A line belongs in the answer only if it contains the word "partial"; copy every such line from the listing below.

**Record set**

/---

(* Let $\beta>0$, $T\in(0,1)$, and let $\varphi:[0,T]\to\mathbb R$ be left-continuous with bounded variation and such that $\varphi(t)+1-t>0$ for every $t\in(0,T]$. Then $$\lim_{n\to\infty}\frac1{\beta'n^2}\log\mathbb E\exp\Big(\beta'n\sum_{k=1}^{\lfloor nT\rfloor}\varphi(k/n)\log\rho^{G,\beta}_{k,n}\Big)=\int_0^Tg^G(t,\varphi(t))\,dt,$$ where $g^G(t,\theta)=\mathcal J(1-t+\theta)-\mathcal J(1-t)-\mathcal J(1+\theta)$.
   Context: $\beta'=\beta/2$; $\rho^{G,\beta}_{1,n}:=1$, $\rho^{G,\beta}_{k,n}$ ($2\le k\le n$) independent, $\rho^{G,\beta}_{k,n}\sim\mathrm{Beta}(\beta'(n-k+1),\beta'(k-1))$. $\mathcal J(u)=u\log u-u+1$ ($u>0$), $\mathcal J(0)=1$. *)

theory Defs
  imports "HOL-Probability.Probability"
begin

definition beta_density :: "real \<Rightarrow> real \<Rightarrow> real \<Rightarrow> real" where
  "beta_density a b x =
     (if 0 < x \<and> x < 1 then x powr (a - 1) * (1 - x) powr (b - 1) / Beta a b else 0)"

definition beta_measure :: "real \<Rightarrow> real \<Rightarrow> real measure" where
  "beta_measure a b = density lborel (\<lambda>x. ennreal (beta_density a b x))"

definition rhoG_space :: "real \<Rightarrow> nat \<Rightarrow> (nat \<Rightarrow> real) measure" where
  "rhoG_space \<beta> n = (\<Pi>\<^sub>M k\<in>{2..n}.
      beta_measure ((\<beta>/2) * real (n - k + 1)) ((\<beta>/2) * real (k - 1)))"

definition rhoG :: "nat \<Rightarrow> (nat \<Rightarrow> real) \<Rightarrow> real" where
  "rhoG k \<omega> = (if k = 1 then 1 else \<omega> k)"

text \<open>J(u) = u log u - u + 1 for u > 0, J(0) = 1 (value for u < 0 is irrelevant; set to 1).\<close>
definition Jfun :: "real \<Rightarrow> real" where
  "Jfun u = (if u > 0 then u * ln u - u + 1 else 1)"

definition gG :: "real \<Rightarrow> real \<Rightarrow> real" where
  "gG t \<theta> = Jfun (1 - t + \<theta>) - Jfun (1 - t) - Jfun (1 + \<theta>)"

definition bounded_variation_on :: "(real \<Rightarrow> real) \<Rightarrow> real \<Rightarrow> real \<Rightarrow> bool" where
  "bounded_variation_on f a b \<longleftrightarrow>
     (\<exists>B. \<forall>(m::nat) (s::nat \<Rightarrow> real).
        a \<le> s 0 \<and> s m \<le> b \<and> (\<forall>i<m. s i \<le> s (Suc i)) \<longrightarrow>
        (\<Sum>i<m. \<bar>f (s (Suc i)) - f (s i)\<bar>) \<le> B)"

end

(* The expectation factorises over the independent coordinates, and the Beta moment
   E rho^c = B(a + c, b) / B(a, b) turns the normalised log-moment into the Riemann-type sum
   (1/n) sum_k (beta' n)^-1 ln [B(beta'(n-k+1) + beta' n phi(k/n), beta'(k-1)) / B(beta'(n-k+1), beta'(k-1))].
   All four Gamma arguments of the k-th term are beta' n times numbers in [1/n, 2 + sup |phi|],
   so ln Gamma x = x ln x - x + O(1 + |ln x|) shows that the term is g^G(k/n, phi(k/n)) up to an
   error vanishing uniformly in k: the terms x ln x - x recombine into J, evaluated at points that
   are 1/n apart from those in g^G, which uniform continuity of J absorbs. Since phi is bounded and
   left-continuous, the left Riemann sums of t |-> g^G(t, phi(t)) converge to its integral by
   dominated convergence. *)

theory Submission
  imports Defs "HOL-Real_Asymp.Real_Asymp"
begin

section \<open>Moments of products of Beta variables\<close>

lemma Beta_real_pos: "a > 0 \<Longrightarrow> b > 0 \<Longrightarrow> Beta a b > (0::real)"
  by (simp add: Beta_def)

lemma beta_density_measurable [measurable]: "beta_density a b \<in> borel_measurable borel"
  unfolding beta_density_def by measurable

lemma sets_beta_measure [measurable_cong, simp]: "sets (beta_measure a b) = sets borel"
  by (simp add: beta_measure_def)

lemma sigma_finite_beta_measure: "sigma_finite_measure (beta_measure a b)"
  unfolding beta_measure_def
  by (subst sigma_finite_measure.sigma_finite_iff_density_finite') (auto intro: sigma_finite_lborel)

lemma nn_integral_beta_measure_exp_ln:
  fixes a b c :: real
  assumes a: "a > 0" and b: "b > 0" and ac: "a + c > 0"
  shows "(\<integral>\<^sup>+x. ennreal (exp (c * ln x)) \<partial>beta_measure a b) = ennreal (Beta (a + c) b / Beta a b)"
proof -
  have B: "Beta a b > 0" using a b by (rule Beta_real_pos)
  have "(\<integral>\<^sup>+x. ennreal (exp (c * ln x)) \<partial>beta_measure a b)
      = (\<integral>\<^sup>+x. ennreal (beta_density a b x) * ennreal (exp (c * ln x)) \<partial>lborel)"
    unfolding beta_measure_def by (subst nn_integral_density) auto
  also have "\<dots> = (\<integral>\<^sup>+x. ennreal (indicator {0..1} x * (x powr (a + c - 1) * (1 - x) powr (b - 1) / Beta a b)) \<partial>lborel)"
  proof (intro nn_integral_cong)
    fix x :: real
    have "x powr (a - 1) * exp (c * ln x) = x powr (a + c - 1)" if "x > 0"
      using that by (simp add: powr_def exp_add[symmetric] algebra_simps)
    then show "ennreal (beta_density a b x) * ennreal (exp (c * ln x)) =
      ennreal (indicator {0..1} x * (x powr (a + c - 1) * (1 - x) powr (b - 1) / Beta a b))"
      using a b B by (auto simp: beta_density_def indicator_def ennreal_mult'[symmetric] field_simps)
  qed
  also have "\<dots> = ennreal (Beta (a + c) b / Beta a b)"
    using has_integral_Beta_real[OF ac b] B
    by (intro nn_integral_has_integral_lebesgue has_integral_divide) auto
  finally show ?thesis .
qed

\---
/---

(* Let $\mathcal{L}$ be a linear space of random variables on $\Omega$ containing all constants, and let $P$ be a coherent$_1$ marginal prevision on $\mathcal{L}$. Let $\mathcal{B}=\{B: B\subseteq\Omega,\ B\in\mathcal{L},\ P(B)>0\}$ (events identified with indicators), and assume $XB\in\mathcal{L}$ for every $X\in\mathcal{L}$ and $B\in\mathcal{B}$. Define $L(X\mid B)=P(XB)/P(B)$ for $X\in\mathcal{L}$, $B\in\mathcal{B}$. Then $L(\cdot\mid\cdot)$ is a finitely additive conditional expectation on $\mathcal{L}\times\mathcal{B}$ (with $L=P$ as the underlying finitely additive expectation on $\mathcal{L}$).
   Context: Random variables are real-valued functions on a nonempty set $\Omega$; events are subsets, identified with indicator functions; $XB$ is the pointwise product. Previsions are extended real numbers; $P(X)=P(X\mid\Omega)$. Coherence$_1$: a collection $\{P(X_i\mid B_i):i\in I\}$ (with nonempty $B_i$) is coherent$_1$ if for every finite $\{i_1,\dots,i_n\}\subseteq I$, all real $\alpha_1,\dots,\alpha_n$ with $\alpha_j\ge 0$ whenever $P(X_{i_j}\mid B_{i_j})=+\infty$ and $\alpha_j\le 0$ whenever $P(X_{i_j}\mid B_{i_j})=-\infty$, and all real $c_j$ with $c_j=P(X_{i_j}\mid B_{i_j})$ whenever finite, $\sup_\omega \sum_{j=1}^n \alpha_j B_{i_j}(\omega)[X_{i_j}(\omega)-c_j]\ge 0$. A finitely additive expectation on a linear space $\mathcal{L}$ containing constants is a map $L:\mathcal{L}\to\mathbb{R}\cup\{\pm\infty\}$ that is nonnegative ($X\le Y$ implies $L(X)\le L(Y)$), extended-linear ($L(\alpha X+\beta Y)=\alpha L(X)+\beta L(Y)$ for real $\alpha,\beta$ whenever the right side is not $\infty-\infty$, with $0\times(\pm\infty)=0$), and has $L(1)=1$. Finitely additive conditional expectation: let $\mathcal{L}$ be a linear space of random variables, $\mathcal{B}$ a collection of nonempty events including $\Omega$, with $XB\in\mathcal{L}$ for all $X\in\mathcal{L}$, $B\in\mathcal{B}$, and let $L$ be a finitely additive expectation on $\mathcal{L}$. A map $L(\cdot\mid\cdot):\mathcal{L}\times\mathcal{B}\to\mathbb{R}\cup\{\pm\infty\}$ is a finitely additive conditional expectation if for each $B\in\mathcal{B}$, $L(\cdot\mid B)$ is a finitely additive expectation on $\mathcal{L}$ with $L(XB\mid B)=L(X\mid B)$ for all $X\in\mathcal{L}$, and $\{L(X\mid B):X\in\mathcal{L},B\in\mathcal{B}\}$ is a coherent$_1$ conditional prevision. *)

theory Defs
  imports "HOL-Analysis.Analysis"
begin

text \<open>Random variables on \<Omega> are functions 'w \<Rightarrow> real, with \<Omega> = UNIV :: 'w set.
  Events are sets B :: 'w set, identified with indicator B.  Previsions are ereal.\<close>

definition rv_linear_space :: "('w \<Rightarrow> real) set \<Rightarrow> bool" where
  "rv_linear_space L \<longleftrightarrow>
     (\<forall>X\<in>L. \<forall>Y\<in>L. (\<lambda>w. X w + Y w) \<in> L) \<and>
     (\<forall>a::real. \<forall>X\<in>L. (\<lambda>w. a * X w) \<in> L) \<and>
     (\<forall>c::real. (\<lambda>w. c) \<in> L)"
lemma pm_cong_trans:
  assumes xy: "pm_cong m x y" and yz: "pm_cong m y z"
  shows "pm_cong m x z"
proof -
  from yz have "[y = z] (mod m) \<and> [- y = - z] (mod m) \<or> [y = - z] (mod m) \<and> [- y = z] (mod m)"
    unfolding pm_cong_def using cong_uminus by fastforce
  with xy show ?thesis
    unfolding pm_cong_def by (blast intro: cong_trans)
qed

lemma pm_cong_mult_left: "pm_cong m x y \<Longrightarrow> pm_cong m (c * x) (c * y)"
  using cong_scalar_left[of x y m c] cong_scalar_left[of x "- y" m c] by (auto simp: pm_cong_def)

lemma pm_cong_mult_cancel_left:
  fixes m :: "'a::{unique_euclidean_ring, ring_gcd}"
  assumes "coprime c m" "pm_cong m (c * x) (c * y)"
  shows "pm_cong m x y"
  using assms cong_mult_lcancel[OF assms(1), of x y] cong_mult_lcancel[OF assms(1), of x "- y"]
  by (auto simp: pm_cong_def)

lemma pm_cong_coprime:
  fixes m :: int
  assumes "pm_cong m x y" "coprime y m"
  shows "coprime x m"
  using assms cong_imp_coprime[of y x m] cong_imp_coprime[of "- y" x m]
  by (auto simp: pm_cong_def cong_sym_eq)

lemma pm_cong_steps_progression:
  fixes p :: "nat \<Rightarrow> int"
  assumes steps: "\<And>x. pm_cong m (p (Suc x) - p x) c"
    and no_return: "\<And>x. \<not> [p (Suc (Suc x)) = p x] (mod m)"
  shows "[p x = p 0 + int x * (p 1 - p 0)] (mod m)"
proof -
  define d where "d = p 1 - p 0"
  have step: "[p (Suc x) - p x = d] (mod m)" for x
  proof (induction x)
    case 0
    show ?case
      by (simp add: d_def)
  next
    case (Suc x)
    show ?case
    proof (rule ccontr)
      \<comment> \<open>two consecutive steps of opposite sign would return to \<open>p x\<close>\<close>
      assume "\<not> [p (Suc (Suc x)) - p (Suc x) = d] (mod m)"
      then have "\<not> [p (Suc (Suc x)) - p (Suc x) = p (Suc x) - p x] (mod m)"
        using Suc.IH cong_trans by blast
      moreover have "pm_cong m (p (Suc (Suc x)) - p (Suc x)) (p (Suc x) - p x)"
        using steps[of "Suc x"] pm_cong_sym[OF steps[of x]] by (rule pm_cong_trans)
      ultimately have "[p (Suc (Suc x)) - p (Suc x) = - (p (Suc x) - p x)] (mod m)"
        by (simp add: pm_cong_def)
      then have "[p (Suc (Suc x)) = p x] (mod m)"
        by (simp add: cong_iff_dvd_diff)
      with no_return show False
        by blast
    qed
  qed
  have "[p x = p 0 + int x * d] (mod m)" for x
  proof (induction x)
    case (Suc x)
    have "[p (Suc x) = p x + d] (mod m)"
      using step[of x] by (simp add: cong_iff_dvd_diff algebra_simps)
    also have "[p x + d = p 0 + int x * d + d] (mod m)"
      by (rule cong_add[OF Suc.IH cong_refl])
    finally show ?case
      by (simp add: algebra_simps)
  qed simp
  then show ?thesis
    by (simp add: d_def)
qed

\---

**Solution below**
  shows "(\<integral>\<^sup>+x. ennreal (exp (c * ln x)) \<partial>beta_measure a b) = ennreal (Beta (a + c) b / Beta a b)"
  have "(\<integral>\<^sup>+x. ennreal (exp (c * ln x)) \<partial>beta_measure a b)
      = (\<integral>\<^sup>+x. ennreal (beta_density a b x) * ennreal (exp (c * ln x)) \<partial>lborel)"
  also have "\<dots> = (\<integral>\<^sup>+x. ennreal (indicator {0..1} x * (x powr (a + c - 1) * (1 - x) powr (b - 1) / Beta a b)) \<partial>lborel)"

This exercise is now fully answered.